The dMMR proteins have been clinically proven to be predictive biomarkers for PD-1 targeted therapy; specifically, a loss of expression of one or more MMR proteins might predict an increased likelihood of response to such therapy. PD-1 inhibitors can be effective in cancers with MMR deficiency. MMR is a conserved molecular mechanism that functions to correct the improper base substitutions that spontaneously occur during DNA replication. Defects in the MMR machinery have been attributed to mutations in the MMR proteins.
Phase I Clinical Trial of NSC-CRAd-S-pk7 for Recurrent High-Grade Glioma
The FDA has authorized a Phase I physician-sponsored clinical trial that will use a licensed oncolytic virotherapy platform, NSC-CRAd-S-pk7, a cutting-edge therapeutic candidate comprising tumor-tropic neural stem cells delivering an oncolytic adenovirus selectively to tumor sites in patients with recurrent high-grade glioma.
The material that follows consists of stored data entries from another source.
lemma T_add: "0 \<le> s \<Longrightarrow> 0 \<le> t \<Longrightarrow> T (s + t) x = T s (T t x)"
  using semigroup unfolding C0_semigroup_def by simp

lemma continuous_on_orbit: "continuous_on {0..} (\<lambda>t. T t x)"
  using semigroup unfolding C0_semigroup_def by simp

lemma orbit_tendsto_0: "((\<lambda>t. T t x) \<longlongrightarrow> x) (at_right 0)"
proof -
  have "((\<lambda>t. T t x) \<longlongrightarrow> T 0 x) (at 0 within {0..})"
    using continuous_on_orbit[of x] unfolding continuous_on_def by blast
  then show ?thesis
    by (simp add: at_within_Ici_at_right)
qed

lemma continuous_on_orbit_norm: "continuous_on {0..} (\<lambda>t. norm (T t x))"
  by (intro continuous_intros continuous_on_orbit)

definition diff_quot :: "'a \<Rightarrow> real \<Rightarrow> 'a" where
  "diff_quot x h = (1 / h) *\<^sub>R (T h x - x)"

lemma generator_tendsto: "x \<in> DA \<Longrightarrow> (diff_quot x \<longlongrightarrow> - A x) (at_right 0)"
  using generator unfolding is_generator_def diff_quot_def by blast

lemma generator_if_tendsto:
  assumes "(diff_quot x \<longlongrightarrow> y) (at_right 0)"
  shows "x \<in> DA" "A x = - y"
proof -
  show x: "x \<in> DA"
    using assms generator unfolding is_generator_def diff_quot_def by blast
  have "- A x = y"
    using tendsto_unique[OF _ generator_tendsto[OF x] assms] by simp
  then show "A x = - y"
    by (metis minus_minus)
qed

lemma domain_scaleR:
  assumes "x \<in> DA"
  shows "c *\<^sub>R x \<in> DA" "A (c *\<^sub>R x) = c *\<^sub>R A x"
proof -
  have "((\<lambda>h. c *\<^sub>R diff_quot x h) \<longlongrightarrow> c *\<^sub>R (- A x)) (at_right 0)"
    using generator_tendsto[OF assms] by (intro tendsto_scaleR) auto
  then have "(diff_quot (c *\<^sub>R x) \<longlongrightarrow> c *\<^sub>R (- A x)) (at_right 0)"
    by (rule Lim_transform_eventually)
       (use eventually_at_right_less[of 0] in \<open>eventually_elim, simp add: diff_quot_def T_scaleR algebra_simps\<close>)
  from generator_if_tendsto[OF this] show "c *\<^sub>R x \<in> DA" "A (c *\<^sub>R x) = c *\<^sub>R A x"
    by simp_all
qed

lemma domain_T:
  assumes "y \<in> DA" "0 \<le> r"
  shows "T r y \<in> DA" "A (T r y) = T r (A y)"
proof -
  have "((\<lambda>h. T r (diff_quot y h)) \<longlongrightarrow> T r (- A y)) (at_right 0)"
    using generator_tendsto[OF assms(1)] bounded_linear.tendsto[OF bounded_linear_T[OF assms(2)]]
    by blast
  then have "(diff_quot (T r y) \<longlongrightarrow> T r (- A y)) (at_right 0)"
  proof (rule Lim_transform_eventually)
    show "\<forall>\<^sub>F h in at_right 0. T r (diff_quot y h) = diff_quot (T r y) h"
      using eventually_at_right_less[of 0]
    proof eventually_elim
      case (elim h)
      have "T h (T r y) = T r (T h y)"
        using T_add[of h r y] T_add[of r h y] elim assms by (simp add: add.commute)
      then show ?case
        using elim assms by (simp add: diff_quot_def T_scaleR T_diff)
    qed
  qed
  from generator_if_tendsto[OF this] show "T r y \<in> DA" "A (T r y) = T r (A y)"
    using T_minus assms by simp_all
qed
The clinical trial will be an open-label, non-randomized, multicenter study. Once it is funded, it will address the safety and tolerability of administering serial doses of NSC-CRAd-S-pk7 in adult patients with recurrent, histologically confirmed, high-grade gliomas (WHO Grade 3 or 4). Secondary endpoints will evaluate treatment efficacy, including progression-free and overall survival, as well as any immune response to NSC-CRAd-S-pk7. This physician-sponsored study will be led by Jana Portnow, MD, Professor in the Department of Medical Oncology & Therapeutics Research and Co-Director of the Brain Tumor Program at City of Hope.
A previously completed Phase I dose-escalation clinical trial in newly diagnosed glioma patients included a single dose of NSC-CRAd-S-pk7 given as an adjunct to radiation and temozolomide. The research demonstrated that NSC-CRAd-S-pk7 was well-tolerated in the patient population and showed promising preliminary results of efficacy (Lancet Oncol 2021;22(8):1103-1114).
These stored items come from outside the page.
lemma frontier_points_without_common_supporting_hyperplane:
  fixes K :: "'a::euclidean_space set"
  assumes "compact K" "convex K" "interior K \<noteq> {}" "\<not> polytope K"
  obtains P where "P \<subseteq> frontier K" "finite P" "card P = n"
    "pairwise (\<lambda>x y. \<not> common_supporting_hyperplane K x y) P"
proof -
  have "closed K" using assms(1) compact_imp_closed by blast
  obtain \<F> where \<F>: "finite \<F>" "card \<F> = n" "\<F> \<subseteq> {F. F maximal_proper_face_of K}"
    using infinite_arbitrarily_large[OF infinite_maximal_proper_faces_if_not_polytope[OF assms]]
    by blast
  have "\<forall>F\<in>\<F>. \<exists>x. x \<in> rel_interior F"
  proof
    fix F assume "F \<in> \<F>"
    then have "F face_of K" "F \<noteq> {}" using \<F>(3) unfolding maximal_proper_face_of_def by auto
    then show "\<exists>x. x \<in> rel_interior F" using rel_interior_eq_empty face_of_imp_convex by blast
  qed
  then obtain p where p: "\<And>F. F \<in> \<F> \<Longrightarrow> p F \<in> rel_interior F" by metis
  have eq: "F = G" if "F \<in> \<F>" "G \<in> \<F>" "common_supporting_hyperplane K (p F) (p G)" for F G
    using maximal_proper_faces_eq_if_common_supporting_hyperplane[OF assms(2,3) _ p[OF that(1)] _ p[OF that(2)] that(3)]
      \<F>(3) that(1,2) by blast
  have front: "p F \<in> frontier K" if "F \<in> \<F>" for F
  proof -
    have "F face_of K" "F \<noteq> K" using \<F>(3) that unfolding maximal_proper_face_of_def by auto
    then show ?thesis
      using proper_face_subset_frontier[OF _ _ assms(3)] rel_interior_subset p[OF that] by blast
  qed
  have "inj_on p \<F>"
  proof (rule inj_onI)
    fix F G assume "F \<in> \<F>" "G \<in> \<F>" "p F = p G"
    then show "F = G"
      using eq common_supporting_hyperplane_refl[OF assms(2) \<open>closed K\<close> assms(3) front[OF \<open>F \<in> \<F>\<close>]]
      by simp
  qed
  show thesis
  proof
    show "p ` \<F> \<subseteq> frontier K" "finite (p ` \<F>)" "card (p ` \<F>) = n"
      using front \<F> card_image[OF \<open>inj_on p \<F>\<close>] by auto
    show "pairwise (\<lambda>x y. \<not> common_supporting_hyperplane K x y) (p ` \<F>)"
      unfolding pairwise_def using eq by blast
  qed
qed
"Our team at City of Hope is excited to be a part of the development of NSC-CRAd-S-pk7. Despite their potential, the first-generation oncolytic virus therapies given as free virus were not very effective -most likely due to rapid inactivation by the patient's immune system," noted Karen Aboody, MD, Professor in the Department of Stem Cell Biology and Regenerative Medicine and Division of Neurosurgery at City of Hope. "Our new platform uses stem cells like a 'Trojan horse' to shield the oncolytic viral particles from immune inactivation and deliver them to the tumor sites. This results in significantly more virus distributed at the tumor sites, inducing a greater self-amplifying anti-tumor response. This may also result in a secondary anti-tumor immune response."
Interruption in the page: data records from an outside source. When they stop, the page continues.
lemma gen_alg_exp_family:
  assumes "F \<in> gen_alg (exp_family S ` B)"
  shows "\<exists>h. continuous_on UNIV h \<and> F = (\<lambda>\<alpha> x. indicator (S \<alpha>) x * h x)"
  using assms
proof (induction rule: gen_alg.induct)
  case (gen_base F)
  then obtain t where "F = exp_family S t" by blast
  then show ?case
    unfolding exp_family_def by (intro exI[of _ "\<lambda>x. exp (t * x)"]) (auto intro!: continuous_intros)
next
  case (gen_add F G)
  then obtain h1 h2 where "continuous_on UNIV h1" "F = (\<lambda>\<alpha> x. indicator (S \<alpha>) x * h1 x)"
     "continuous_on UNIV h2" "G = (\<lambda>\<alpha> x. indicator (S \<alpha>) x * h2 x)" by blast
  then show ?case by (intro exI[of _ "\<lambda>x. h1 x + h2 x"]) (auto intro!: continuous_intros simp: algebra_simps)
next
  case (gen_smult F c)
  then obtain h where "continuous_on UNIV h" "F = (\<lambda>\<alpha> x. indicator (S \<alpha>) x * h x)" by blast
  then show ?case by (intro exI[of _ "\<lambda>x. c * h x"]) (auto intro!: continuous_intros simp: algebra_simps)
next
  case (gen_mult F G)
  then obtain h1 h2 where "continuous_on UNIV h1" "F = (\<lambda>\<alpha> x. indicator (S \<alpha>) x * h1 x)"
     "continuous_on UNIV h2" "G = (\<lambda>\<alpha> x. indicator (S \<alpha>) x * h2 x)" by blast
  then show ?case
    by (intro exI[of _ "\<lambda>x. h1 x * h2 x"]) (auto intro!: continuous_intros simp: indicator_def fun_eq_iff)
qed

lemma alg_indep_exp_family:
  assumes "Qspace.independent B" and covers: "\<forall>x\<in>{0..1}. \<exists>\<alpha>. x \<in> S \<alpha>"
  shows "inj_on (exp_family S) B" and "alg_indep (exp_family S ` B)"
proof -
  show inj: "inj_on (exp_family S) B"
  proof
    fix s t assume eq: "exp_family S s = exp_family S t"
    obtain \<alpha> where "1 \<in> S \<alpha>" using bspec[OF covers, of 1] by auto
    then have "exp s = exp t" using fun_cong[OF fun_cong[OF eq, of \<alpha>], of 1] unfolding exp_family_def by simp
    then show "s = t" by simp
  qed
  let ?\<tau> = "inv_into B (exp_family S)"
  show "alg_indep (exp_family S ` B)"
  proof (rule alg_indep_exponential[of ?\<tau> _ "{0<..<1}"])
    show "Qspace.independent (?\<tau> ` exp_family S ` B)" using assms(1) inj by simp
    show "\<forall>x\<in>{0<..<1}. \<exists>\<alpha>. \<forall>v\<in>exp_family S ` B. v \<alpha> x = exp (?\<tau> v * x)"
    proof
      fix x :: real assume "x \<in> {0<..<1}"
      then obtain \<alpha> where "x \<in> S \<alpha>" using bspec[OF covers, of x] by auto
      then show "\<exists>\<alpha>. \<forall>v\<in>exp_family S ` B. v \<alpha> x = exp (?\<tau> v * x)"
      proof (intro exI[of _ \<alpha>] ballI)
        fix v assume "v \<in> exp_family S ` B"
        then obtain t where "t \<in> B" "v = exp_family S t" by blast
        moreover from this have "?\<tau> v = t" by (simp add: inv_into_f_f[OF inj])
        ultimately show "v \<alpha> x = exp (?\<tau> v * x)" using \<open>x \<in> S \<alpha>\<close> by (simp add: exp_family_def)
      qed
    qed
  qed (auto intro: inj_on_inv_into)
qed

theorem mainTheorem13:
  fixes r :: "('i \<times> 'i) set"
  assumes "Card_order r" and "Field r = UNIV"
    and "(card_of (UNIV :: 'i set), card_of (UNIV :: real set)) \<in> ordIso"
    and "non_N_eq_c"
  shows "strongly_c_algebrable (ND r)"
proof -
  have "infinite (UNIV::'i set)"
    using assms(3) card_of_ordIso infinite_UNIV_char_0 bij_betw_finite by blast
  then have no_greatest: "\<And>\<gamma>. \<exists>\<alpha>. (\<gamma>::'i) \<in> underS r \<alpha>"
    using Card_order_infinite_no_greatest[OF assms(1,2)] by blast
  obtain S where S: "null_exhaustion r S" using null_exhaustion_exists[OF assms] .
  then have covers: "\<forall>x\<in>{0..1}. \<exists>\<alpha>. x \<in> S \<alpha>"
    using no_greatest unfolding null_exhaustion_def by meson
  obtain B where B: "Qspace.independent B" "(card_of B, card_of (UNIV::real set)) \<in> ordIso"
    using Qspace_independent_continuum .
  let ?X = "exp_family S ` B"
  have "?X \<subseteq> seq_carrier"
    using S unfolding null_exhaustion_def seq_carrier_def exp_family_def by (force simp: indicator_def)
  moreover have "(card_of ?X, card_of (UNIV::real set)) \<in> ordIso"
  proof -
    have "(card_of B, card_of ?X) \<in> ordIso"
      using inj_on_imp_bij_betw[OF alg_indep_exp_family(1)[OF B(1) covers]] card_of_ordIso by blast
    then show ?thesis using ordIso_transitive[OF ordIso_symmetric B(2)] by blast
  qed
  moreover have "F \<in> ND r" if "F \<in> gen_alg ?X" "F \<noteq> (\<lambda>\<alpha> x. 0)" for F
    using gen_alg_exp_family[OF that(1)] indicator_mult_continuous_in_ND[OF assms(2) no_greatest S]
      that(2) continuous_on_subset by blast
  ultimately show ?thesis
    unfolding strongly_c_algebrable_def using alg_indep_exp_family(2)[OF B(1) covers] by blast
qed

end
The NSC-CRAd-S-pk7 platform is an allogeneic, off-the-shelf therapy comprised of an immortalized Neural Stem Cell (NSC) line loaded with an engineered oncolytic adenovirus. Upon surgical resection of a tumor, NSC-CRAd-S-pk7 is injected into the walls of the resection cavity, resulting in viral infection and destruction of any remaining tumor cells.